lemma sum_dyadic_tails_le:
  fixes c :: "int \<times> int \<times> int \<Rightarrow> real"
  assumes "finite S" "\<And>q. 0 \<le> c q"
  shows "(\<Sum>j<J. 16 ^ j * (\<Sum>q\<in>S - freq_cube (4 ^ j). c q)) \<le> 16 / 15 * (\<Sum>q\<in>S. freq_sqnorm q * c q)"
proof -
  have outside: "(16::real) ^ j < freq_sqnorm q" if "q \<notin> freq_cube (4 ^ j)" for j q
  proof -
    have "(16::real) ^ j = (real (4 ^ j))\<^sup>2"
      by (simp flip: power_mult add: mult.commute[of j 2] power_mult)
    also have "\<dots> < (real (4 ^ j) + 1)\<^sup>2"
      by (intro power_strict_mono) auto
    finally have "(16::real) ^ j < (real (4 ^ j) + 1)\<^sup>2" .
    with freq_sqnorm_outside_cube[OF that] show ?thesis
      by linarith
  qed
  have "16 ^ j * (\<Sum>q\<in>S - freq_cube (4 ^ j). c q)
      = (\<Sum>q\<in>S. c q * (if q \<notin> freq_cube (4 ^ j) then 16 ^ j else 0))" for j
    using assms(1) unfolding sum_distrib_left by (intro sum.mono_neutral_cong_left) auto
  then have "(\<Sum>j<J. 16 ^ j * (\<Sum>q\<in>S - freq_cube (4 ^ j). c q))
      = (\<Sum>q\<in>S. c q * (\<Sum>j<J. if q \<notin> freq_cube (4 ^ j) then 16 ^ j else 0))"
    by (simp add: sum_distrib_left sum.swap[of _ "{..<J}"])
  also have "\<dots> \<le> (\<Sum>q\<in>S. c q * (\<Sum>j<J. if 16 ^ j < freq_sqnorm q then 16 ^ j else 0))"
    using assms(2) outside by (intro sum_mono mult_left_mono) auto
  also have "\<dots> \<le> (\<Sum>q\<in>S. c q * (16 / 15 * freq_sqnorm q))"
    using sum_powers_below_le[of 16 "freq_sqnorm _"] assms(2)
    by (intro sum_mono mult_left_mono) auto
  also have "\<dots> = 16 / 15 * (\<Sum>q\<in>S. freq_sqnorm q * c q)"
    by (simp add: sum_distrib_left mult_ac)
  finally show ?thesis .
qed

lemma trig_poly_Int_Diff:
  "finite S \<Longrightarrow> trig_poly N S a p = trig_poly N (S \<inter> T) a p + trig_poly N (S - T) a p"
  unfolding trig_poly_def by (rule sum.Int_Diff)

lemma Re_trig_poly_pow6_le:
  fixes K :: nat and a :: "int \<times> int \<times> int \<Rightarrow> complex"
  assumes mean_zero: "a (0, 0, 0) = 0"
  defines "E \<equiv> \<Sum>q\<in>freq_cube K. freq_sqnorm q * (cmod (a q))\<^sup>2"
  shows "(Re (trig_poly N (freq_cube K) a p)) ^ 6 \<le> (104 * E) ^ 3 +
    (\<Sum>j<K. 256 * (104 * E)\<^sup>2 * 16 ^ j * (cmod (trig_poly N (freq_cube K - freq_cube (4 ^ j)) a p))\<^sup>2)"
proof -
  define lam where "lam = sqrt (104 * E)"
  let ?F = "trig_poly N (freq_cube K) a p"
  have "0 \<le> E"
    unfolding E_def by (intro sum_nonneg) simp
  then have "0 \<le> lam" and lam_sq: "lam\<^sup>2 = 104 * E"
    unfolding lam_def by simp_all
  have low_le: "cmod (trig_poly N (freq_cube K \<inter> freq_cube R) a p) \<le> lam * sqrt (real R) / 2" for R
  proof (rule power2_le_imp_le)
    have "(cmod (trig_poly N (freq_cube K \<inter> freq_cube R) a p))\<^sup>2
        \<le> 26 * real R * (\<Sum>q\<in>freq_cube K \<inter> freq_cube R. freq_sqnorm q * (cmod (a q))\<^sup>2)"
      using mean_zero by (intro norm_trig_poly_sq_le) auto
    also have "\<dots> \<le> 26 * real R * E"
      unfolding E_def by (intro mult_left_mono sum_mono2) auto
    also have "\<dots> = (lam * sqrt (real R) / 2)\<^sup>2"
      by (simp add: power_mult_distrib power_divide lam_sq)
    finally show "(cmod (trig_poly N (freq_cube K \<inter> freq_cube R) a p))\<^sup>2 \<le> (lam * sqrt (real R) / 2)\<^sup>2" .
    show "0 \<le> lam * sqrt (real R) / 2"
      using \<open>0 \<le> lam\<close> by simp
  qed
  have split: "\<bar>Re ?F\<bar> \<le> cmod (trig_poly N (freq_cube K \<inter> freq_cube (4 ^ j)) a p)
      + cmod (trig_poly N (freq_cube K - freq_cube (4 ^ j)) a p)" for j
    using abs_Re_le_cmod[of ?F] norm_triangle_ineq trig_poly_Int_Diff[of "freq_cube K"]
    by (metis finite_freq_cube order.trans)
  have "K \<le> 4 ^ K"
    using less_exp[of K] power_mono[of "2::nat" 4 K] by linarith
  then have "freq_cube K - freq_cube (4 ^ K) = {}"
    using freq_cube_mono by blast
  then have no_high: "trig_poly N (freq_cube K - freq_cube (4 ^ K)) a p = 0"
    unfolding trig_poly_def by (simp only: sum.empty)
  have "(Re ?F) ^ 6 \<le> lam ^ 6 +
      (\<Sum>j<K. 256 * lam ^ 4 * 16 ^ j * (cmod (trig_poly N (freq_cube K - freq_cube (4 ^ j)) a p))\<^sup>2)"
    using \<open>0 \<le> lam\<close> split low_le[of "4 ^ _"] no_high
    by (intro pow6_le_dyadic_splitting) (auto simp: real_sqrt_power)
  moreover have "lam ^ 6 = (104 * E) ^ 3" "lam ^ 4 = (104 * E)\<^sup>2"
    unfolding lam_sq[symmetric] by (simp_all flip: power_mult)
  ultimately show ?thesis
    by simp
qed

**Aim of the exercise:**
Every entry must be quoted exactly as it appears above.

**Reply:**
lemma sum_dyadic_tails_le:
  fixes c :: "int \<times> int \<times> int \<Rightarrow> real"
  assumes "finite S" "\<And>q. 0 \<le> c q"
  shows "(\<Sum>j<J. 16 ^ j * (\<Sum>q\<in>S - freq_cube (4 ^ j). c q)) \<le> 16 / 15 * (\<Sum>q\<in>S. freq_sqnorm q * c q)"
proof -
  have outside: "(16::real) ^ j < freq_sqnorm q" if "q \<notin> freq_cube (4 ^ j)" for j q
  proof -
    have "(16::real) ^ j = (real (4 ^ j))\<^sup>2"
      by (simp flip: power_mult add: mult.commute[of j 2] power_mult)
    also have "\<dots> < (real (4 ^ j) + 1)\<^sup>2"
      by (intro power_strict_mono) auto
    finally have "(16::real) ^ j < (real (4 ^ j) + 1)\<^sup>2" .
    with freq_sqnorm_outside_cube[OF that] show ?thesis
      by linarith
  qed
  have "16 ^ j * (\<Sum>q\<in>S - freq_cube (4 ^ j). c q)
      = (\<Sum>q\<in>S. c q * (if q \<notin> freq_cube (4 ^ j) then 16 ^ j else 0))" for j
    using assms(1) unfolding sum_distrib_left by (intro sum.mono_neutral_cong_left) auto
  then have "(\<Sum>j<J. 16 ^ j * (\<Sum>q\<in>S - freq_cube (4 ^ j). c q))
      = (\<Sum>q\<in>S. c q * (\<Sum>j<J. if q \<notin> freq_cube (4 ^ j) then 16 ^ j else 0))"
    by (simp add: sum_distrib_left sum.swap[of _ "{..<J}"])
  also have "\<dots> \<le> (\<Sum>q\<in>S. c q * (\<Sum>j<J. if 16 ^ j < freq_sqnorm q then 16 ^ j else 0))"
    using assms(2) outside by (intro sum_mono mult_left_mono) auto
  also have "\<dots> \<le> (\<Sum>q\<in>S. c q * (16 / 15 * freq_sqnorm q))"
    using sum_powers_below_le[of 16 "freq_sqnorm _"] assms(2)
    by (intro sum_mono mult_left_mono) auto
  also have "\<dots> = 16 / 15 * (\<Sum>q\<in>S. freq_sqnorm q * c q)"
    by (simp add: sum_distrib_left mult_ac)
  finally show ?thesis .
qed

lemma trig_poly_Int_Diff:
  "finite S \<Longrightarrow> trig_poly N S a p = trig_poly N (S \<inter> T) a p + trig_poly N (S - T) a p"
  unfolding trig_poly_def by (rule sum.Int_Diff)

lemma Re_trig_poly_pow6_le:
  fixes K :: nat and a :: "int \<times> int \<times> int \<Rightarrow> complex"
  assumes mean_zero: "a (0, 0, 0) = 0"
  defines "E \<equiv> \<Sum>q\<in>freq_cube K. freq_sqnorm q * (cmod (a q))\<^sup>2"
  shows "(Re (trig_poly N (freq_cube K) a p)) ^ 6 \<le> (104 * E) ^ 3 +
    (\<Sum>j<K. 256 * (104 * E)\<^sup>2 * 16 ^ j * (cmod (trig_poly N (freq_cube K - freq_cube (4 ^ j)) a p))\<^sup>2)"
proof -
  define lam where "lam = sqrt (104 * E)"
  let ?F = "trig_poly N (freq_cube K) a p"
  have "0 \<le> E"
    unfolding E_def by (intro sum_nonneg) simp
  then have "0 \<le> lam" and lam_sq: "lam\<^sup>2 = 104 * E"
    unfolding lam_def by simp_all
  have low_le: "cmod (trig_poly N (freq_cube K \<inter> freq_cube R) a p) \<le> lam * sqrt (real R) / 2" for R
  proof (rule power2_le_imp_le)
    have "(cmod (trig_poly N (freq_cube K \<inter> freq_cube R) a p))\<^sup>2
        \<le> 26 * real R * (\<Sum>q\<in>freq_cube K \<inter> freq_cube R. freq_sqnorm q * (cmod (a q))\<^sup>2)"
      using mean_zero by (intro norm_trig_poly_sq_le) auto
    also have "\<dots> \<le> 26 * real R * E"
      unfolding E_def by (intro mult_left_mono sum_mono2) auto
    also have "\<dots> = (lam * sqrt (real R) / 2)\<^sup>2"
      by (simp add: power_mult_distrib power_divide lam_sq)
    finally show "(cmod (trig_poly N (freq_cube K \<inter> freq_cube R) a p))\<^sup>2 \<le> (lam * sqrt (real R) / 2)\<^sup>2" .
    show "0 \<le> lam * sqrt (real R) / 2"
      using \<open>0 \<le> lam\<close> by simp
  qed
  have split: "\<bar>Re ?F\<bar> \<le> cmod (trig_poly N (freq_cube K \<inter> freq_cube (4 ^ j)) a p)
      + cmod (trig_poly N (freq_cube K - freq_cube (4 ^ j)) a p)" for j
    using abs_Re_le_cmod[of ?F] norm_triangle_ineq trig_poly_Int_Diff[of "freq_cube K"]
    by (metis finite_freq_cube order.trans)
  have "K \<le> 4 ^ K"
    using less_exp[of K] power_mono[of "2::nat" 4 K] by linarith
  then have "freq_cube K - freq_cube (4 ^ K) = {}"
    using freq_cube_mono by blast
  then have no_high: "trig_poly N (freq_cube K - freq_cube (4 ^ K)) a p = 0"
    unfolding trig_poly_def by (simp only: sum.empty)
  have "(Re ?F) ^ 6 \<le> lam ^ 6 +
      (\<Sum>j<K. 256 * lam ^ 4 * 16 ^ j * (cmod (trig_poly N (freq_cube K - freq_cube (4 ^ j)) a p))\<^sup>2)"
    using \<open>0 \<le> lam\<close> split low_le[of "4 ^ _"] no_high
    by (intro pow6_le_dyadic_splitting) (auto simp: real_sqrt_power)
  moreover have "lam ^ 6 = (104 * E) ^ 3" "lam ^ 4 = (104 * E)\<^sup>2"
    unfolding lam_sq[symmetric] by (simp_all flip: power_mult)
  ultimately show ?thesis
    by simp
qed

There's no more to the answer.